ABOUT THIS EXERCISE
Scan the data below for the string "inter". Copy every line where it appears.

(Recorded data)
"""
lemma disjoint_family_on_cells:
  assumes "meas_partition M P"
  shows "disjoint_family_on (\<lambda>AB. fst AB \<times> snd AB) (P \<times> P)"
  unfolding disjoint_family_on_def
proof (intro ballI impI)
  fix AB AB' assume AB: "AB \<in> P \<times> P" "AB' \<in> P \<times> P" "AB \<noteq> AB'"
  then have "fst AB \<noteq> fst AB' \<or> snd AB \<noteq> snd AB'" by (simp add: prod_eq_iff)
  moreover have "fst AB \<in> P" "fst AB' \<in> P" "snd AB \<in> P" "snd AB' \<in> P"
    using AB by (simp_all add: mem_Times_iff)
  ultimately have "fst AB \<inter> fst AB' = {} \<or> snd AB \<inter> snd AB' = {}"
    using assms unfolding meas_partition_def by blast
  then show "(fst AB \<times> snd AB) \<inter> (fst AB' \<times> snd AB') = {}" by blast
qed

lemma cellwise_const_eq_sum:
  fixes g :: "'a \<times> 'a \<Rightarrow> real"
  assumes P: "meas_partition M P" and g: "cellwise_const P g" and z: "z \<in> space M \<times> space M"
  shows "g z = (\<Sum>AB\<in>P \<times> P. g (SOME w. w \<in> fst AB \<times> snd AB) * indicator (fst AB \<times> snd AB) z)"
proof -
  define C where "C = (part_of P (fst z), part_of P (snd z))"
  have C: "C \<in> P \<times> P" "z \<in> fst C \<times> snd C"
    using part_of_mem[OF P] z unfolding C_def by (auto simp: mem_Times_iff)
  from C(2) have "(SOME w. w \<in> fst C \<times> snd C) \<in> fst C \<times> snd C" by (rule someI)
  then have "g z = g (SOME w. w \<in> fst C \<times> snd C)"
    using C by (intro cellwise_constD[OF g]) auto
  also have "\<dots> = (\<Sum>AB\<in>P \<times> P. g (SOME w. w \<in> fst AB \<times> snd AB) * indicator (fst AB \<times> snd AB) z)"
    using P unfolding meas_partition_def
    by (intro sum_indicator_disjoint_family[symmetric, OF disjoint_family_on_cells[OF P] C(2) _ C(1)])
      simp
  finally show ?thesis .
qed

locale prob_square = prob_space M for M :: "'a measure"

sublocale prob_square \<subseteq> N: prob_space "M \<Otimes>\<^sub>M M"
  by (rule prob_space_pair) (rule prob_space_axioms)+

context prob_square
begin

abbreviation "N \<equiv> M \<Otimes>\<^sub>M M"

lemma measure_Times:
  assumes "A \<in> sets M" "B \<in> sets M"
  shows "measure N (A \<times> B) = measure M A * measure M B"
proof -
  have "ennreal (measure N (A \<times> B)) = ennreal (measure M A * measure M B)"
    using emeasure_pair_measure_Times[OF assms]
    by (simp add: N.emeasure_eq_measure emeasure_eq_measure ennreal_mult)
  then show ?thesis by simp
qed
"""
"""
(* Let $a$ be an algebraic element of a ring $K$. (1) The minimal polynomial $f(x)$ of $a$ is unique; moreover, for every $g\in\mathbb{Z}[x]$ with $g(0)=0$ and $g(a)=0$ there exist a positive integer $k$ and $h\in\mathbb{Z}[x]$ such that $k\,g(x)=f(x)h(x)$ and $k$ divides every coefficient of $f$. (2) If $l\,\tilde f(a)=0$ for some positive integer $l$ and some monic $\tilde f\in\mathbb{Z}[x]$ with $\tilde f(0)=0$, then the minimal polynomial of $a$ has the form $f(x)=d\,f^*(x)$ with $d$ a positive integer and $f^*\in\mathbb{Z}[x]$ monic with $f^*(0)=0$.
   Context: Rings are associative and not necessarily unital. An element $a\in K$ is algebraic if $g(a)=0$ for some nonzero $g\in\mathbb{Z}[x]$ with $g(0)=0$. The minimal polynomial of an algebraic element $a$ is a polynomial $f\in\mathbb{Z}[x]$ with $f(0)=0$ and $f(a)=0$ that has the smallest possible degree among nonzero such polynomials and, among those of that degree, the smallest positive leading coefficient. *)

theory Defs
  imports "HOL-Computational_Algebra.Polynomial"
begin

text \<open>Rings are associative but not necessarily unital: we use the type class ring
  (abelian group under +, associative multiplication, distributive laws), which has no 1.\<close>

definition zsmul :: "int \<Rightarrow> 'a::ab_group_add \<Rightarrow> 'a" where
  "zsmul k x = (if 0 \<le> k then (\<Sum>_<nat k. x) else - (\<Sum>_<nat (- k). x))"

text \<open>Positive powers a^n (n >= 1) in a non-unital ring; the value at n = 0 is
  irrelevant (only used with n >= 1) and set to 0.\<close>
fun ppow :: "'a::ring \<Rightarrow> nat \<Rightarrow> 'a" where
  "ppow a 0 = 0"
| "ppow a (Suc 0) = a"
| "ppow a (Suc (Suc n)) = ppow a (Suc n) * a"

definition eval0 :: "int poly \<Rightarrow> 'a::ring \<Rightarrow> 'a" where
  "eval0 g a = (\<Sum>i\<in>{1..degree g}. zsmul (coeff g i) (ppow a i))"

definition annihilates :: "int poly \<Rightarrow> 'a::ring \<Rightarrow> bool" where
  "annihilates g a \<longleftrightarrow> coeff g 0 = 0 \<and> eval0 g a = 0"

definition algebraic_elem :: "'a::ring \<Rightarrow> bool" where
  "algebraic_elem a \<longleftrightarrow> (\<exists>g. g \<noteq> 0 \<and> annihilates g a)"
"""
WRITTEN ANSWER
  ultimately have "fst AB \<inter> fst AB' = {} \<or> snd AB \<inter> snd AB' = {}"
  then show "(fst AB \<times> snd AB) \<inter> (fst AB' \<times> snd AB') = {}" by blast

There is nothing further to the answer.